(Records shown Opens)

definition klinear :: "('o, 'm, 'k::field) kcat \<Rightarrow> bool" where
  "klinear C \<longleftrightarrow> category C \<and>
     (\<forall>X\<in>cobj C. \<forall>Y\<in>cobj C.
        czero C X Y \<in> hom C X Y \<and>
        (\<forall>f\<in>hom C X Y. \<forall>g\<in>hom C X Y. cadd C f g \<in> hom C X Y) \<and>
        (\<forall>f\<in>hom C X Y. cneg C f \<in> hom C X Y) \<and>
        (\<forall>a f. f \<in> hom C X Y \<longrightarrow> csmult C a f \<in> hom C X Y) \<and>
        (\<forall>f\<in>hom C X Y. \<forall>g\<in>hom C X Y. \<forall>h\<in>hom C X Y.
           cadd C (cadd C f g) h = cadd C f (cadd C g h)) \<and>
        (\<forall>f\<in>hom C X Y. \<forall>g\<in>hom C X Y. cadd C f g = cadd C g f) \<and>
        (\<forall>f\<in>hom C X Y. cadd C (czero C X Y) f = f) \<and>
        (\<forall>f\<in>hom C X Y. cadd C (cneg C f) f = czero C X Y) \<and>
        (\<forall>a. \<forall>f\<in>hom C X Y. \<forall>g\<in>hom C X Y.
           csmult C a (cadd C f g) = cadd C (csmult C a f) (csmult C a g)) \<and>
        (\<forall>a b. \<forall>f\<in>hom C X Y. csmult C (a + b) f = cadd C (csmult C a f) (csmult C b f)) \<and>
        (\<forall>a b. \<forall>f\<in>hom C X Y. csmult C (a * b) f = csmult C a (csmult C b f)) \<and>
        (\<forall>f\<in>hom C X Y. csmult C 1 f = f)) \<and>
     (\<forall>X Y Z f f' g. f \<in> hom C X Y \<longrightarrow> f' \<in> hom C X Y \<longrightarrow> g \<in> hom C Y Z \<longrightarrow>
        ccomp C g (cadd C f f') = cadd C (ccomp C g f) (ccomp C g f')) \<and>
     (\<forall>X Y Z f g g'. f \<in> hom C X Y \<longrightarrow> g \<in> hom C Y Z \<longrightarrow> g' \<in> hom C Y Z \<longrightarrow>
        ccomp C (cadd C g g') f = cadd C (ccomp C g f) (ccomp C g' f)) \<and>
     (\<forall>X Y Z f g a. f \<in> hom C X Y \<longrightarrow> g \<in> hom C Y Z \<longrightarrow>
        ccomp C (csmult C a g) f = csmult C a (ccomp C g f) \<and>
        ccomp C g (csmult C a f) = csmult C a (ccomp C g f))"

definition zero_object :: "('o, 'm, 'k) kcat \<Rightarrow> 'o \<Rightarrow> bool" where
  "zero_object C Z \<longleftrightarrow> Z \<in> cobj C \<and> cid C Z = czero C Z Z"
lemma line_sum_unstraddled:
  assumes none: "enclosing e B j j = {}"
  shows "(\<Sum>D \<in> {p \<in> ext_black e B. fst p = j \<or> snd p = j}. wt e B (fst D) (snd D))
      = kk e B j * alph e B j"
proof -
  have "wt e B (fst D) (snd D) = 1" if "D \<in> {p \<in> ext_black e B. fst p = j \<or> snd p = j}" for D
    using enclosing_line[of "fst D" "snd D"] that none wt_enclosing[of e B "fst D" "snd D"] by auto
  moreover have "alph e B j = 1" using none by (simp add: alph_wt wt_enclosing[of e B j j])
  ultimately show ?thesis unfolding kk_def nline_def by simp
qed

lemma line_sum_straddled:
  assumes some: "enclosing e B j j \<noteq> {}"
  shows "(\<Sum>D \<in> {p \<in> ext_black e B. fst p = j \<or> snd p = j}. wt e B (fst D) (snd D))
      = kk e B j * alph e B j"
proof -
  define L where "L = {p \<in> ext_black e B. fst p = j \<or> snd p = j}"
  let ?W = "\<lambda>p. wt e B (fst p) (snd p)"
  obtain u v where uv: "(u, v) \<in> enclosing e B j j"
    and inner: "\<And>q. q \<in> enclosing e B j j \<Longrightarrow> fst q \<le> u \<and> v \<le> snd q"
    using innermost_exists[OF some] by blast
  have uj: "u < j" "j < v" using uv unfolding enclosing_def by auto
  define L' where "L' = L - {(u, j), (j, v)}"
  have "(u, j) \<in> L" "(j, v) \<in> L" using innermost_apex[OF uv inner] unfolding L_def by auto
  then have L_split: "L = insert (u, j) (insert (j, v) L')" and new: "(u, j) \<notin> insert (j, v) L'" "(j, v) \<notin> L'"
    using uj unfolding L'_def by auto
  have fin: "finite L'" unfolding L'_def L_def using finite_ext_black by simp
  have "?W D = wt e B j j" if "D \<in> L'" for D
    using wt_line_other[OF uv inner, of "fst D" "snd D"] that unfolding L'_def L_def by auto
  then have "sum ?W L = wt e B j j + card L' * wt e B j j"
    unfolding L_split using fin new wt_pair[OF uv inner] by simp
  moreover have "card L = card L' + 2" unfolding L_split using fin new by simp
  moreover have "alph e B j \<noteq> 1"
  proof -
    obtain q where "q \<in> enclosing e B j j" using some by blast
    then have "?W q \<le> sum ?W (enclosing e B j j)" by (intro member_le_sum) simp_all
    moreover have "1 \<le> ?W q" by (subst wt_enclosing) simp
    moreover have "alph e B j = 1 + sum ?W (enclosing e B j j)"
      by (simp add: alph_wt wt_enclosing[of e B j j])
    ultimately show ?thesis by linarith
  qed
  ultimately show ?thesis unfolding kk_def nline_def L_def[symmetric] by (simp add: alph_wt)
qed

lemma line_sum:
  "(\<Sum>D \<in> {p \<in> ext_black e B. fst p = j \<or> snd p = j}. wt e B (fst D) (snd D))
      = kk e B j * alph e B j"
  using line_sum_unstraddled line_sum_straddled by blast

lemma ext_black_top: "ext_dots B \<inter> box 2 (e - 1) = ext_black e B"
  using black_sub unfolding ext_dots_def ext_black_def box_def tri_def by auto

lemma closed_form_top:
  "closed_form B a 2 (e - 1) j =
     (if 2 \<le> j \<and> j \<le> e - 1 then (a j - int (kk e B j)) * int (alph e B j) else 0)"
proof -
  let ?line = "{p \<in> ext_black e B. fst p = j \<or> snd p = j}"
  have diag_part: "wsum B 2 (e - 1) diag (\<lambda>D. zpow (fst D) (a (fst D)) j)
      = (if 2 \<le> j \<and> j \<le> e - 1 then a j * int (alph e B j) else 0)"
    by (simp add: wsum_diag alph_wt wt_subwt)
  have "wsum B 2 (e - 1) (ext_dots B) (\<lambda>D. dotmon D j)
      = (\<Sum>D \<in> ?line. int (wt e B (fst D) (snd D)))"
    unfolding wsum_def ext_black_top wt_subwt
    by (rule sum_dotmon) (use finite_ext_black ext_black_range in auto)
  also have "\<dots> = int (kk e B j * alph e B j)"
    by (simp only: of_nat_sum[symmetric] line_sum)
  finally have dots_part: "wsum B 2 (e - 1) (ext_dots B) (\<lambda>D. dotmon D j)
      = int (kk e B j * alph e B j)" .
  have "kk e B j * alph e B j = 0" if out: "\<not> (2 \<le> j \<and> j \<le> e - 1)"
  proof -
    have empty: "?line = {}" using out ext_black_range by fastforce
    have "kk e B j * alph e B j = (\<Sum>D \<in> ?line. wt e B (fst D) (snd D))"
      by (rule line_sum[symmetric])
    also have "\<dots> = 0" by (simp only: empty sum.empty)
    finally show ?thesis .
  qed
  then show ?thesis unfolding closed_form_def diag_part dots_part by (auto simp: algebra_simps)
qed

(Records shown Closes)
(Records shown Opens)

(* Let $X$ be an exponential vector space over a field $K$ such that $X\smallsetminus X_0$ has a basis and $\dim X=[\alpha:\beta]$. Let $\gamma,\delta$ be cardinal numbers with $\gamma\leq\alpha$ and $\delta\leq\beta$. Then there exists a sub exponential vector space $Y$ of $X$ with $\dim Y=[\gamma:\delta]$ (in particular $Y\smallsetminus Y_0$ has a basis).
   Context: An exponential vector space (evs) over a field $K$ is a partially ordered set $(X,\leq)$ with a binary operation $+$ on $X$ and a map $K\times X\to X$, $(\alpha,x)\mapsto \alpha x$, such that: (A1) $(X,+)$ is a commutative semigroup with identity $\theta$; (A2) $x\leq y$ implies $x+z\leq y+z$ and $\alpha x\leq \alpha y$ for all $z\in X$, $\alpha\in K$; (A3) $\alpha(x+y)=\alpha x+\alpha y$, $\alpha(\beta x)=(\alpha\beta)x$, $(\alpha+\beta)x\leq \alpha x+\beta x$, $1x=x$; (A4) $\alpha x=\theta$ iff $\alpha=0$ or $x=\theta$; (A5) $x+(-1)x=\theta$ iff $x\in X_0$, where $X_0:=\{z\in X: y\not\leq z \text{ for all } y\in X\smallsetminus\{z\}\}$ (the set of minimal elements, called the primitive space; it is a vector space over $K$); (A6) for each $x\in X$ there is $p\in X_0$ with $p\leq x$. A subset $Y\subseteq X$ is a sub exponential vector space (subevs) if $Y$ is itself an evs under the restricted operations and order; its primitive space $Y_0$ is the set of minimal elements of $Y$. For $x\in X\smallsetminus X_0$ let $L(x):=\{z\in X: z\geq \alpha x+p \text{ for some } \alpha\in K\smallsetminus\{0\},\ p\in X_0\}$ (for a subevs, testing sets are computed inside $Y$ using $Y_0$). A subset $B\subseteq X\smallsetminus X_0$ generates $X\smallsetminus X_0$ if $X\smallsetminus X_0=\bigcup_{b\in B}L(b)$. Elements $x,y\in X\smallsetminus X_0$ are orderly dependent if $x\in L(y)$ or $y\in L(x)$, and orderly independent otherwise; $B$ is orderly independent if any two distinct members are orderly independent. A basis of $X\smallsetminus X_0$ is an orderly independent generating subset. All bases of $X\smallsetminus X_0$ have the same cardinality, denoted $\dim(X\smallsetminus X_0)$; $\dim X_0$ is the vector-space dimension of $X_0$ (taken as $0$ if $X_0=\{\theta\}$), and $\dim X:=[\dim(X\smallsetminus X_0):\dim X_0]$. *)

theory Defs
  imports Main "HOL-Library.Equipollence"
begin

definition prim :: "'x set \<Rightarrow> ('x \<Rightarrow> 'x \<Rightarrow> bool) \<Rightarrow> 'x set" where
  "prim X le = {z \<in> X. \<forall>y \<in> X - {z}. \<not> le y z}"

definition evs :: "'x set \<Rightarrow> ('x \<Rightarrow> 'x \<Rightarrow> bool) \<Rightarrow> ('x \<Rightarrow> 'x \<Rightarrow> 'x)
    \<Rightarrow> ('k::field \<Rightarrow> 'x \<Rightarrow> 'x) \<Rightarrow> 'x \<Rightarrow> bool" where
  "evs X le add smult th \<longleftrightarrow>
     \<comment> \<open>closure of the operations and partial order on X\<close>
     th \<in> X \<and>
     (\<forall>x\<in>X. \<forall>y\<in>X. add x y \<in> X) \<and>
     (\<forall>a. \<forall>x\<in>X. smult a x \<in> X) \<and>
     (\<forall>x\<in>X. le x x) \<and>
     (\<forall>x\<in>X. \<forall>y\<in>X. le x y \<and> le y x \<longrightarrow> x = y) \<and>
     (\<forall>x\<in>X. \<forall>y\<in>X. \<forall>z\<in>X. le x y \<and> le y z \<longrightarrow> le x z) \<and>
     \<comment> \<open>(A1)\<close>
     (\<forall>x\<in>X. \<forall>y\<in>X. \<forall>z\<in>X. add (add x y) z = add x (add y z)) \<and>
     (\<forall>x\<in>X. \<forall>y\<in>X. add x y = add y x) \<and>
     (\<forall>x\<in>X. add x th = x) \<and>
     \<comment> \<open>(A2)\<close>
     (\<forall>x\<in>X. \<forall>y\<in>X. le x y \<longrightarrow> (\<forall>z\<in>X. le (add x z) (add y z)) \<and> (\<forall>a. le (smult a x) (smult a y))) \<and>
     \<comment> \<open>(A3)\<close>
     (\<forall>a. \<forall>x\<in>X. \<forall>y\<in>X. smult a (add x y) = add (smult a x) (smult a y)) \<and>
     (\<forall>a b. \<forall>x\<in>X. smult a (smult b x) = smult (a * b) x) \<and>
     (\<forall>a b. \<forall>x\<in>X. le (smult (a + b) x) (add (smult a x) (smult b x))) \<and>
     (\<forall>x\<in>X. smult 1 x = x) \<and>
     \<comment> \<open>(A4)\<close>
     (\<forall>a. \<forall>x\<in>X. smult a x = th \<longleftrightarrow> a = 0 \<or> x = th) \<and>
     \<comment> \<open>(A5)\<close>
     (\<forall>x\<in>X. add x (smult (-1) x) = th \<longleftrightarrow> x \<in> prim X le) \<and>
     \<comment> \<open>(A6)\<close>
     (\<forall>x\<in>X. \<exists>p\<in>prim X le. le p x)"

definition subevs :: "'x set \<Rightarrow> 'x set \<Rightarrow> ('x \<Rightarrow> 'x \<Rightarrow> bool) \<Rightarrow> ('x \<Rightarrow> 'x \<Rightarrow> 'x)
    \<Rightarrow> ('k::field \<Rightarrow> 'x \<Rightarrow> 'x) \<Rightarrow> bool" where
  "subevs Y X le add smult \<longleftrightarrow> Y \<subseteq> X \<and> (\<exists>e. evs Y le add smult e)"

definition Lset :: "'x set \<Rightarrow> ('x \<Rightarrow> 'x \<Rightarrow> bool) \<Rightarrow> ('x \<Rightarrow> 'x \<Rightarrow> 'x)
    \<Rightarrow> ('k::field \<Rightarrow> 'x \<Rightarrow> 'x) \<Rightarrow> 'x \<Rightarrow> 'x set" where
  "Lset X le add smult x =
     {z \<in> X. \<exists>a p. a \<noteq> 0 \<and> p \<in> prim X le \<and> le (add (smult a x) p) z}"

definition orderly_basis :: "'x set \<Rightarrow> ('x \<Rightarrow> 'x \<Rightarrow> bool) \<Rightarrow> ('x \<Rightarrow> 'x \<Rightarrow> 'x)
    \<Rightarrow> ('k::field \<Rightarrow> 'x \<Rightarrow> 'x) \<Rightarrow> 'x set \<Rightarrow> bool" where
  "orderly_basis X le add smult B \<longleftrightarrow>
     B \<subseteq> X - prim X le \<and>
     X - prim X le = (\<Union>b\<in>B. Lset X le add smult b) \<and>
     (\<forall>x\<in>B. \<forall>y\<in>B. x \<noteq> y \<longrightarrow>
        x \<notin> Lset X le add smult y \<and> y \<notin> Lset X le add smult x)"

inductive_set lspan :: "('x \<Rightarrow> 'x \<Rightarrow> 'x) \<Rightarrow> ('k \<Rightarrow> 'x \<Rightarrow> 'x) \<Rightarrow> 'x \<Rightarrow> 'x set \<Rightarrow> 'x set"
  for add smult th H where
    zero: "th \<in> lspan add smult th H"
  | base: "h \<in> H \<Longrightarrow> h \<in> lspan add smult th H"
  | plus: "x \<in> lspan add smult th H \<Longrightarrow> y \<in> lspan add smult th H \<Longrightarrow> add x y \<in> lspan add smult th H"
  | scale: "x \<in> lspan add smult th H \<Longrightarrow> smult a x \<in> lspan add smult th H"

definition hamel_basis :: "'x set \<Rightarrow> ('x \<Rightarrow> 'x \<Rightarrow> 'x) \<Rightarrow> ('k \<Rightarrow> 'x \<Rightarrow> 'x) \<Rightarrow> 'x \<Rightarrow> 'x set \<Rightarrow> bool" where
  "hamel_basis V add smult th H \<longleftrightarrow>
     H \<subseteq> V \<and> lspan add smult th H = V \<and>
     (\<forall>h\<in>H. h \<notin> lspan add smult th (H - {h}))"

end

(Records shown Closes)

# Problem
Collect, from the material above, every line containing the word "klinear".

# Solution to the problem
definition klinear :: "('o, 'm, 'k::field) kcat \<Rightarrow> bool" where
  "klinear C \<longleftrightarrow> category C \<and>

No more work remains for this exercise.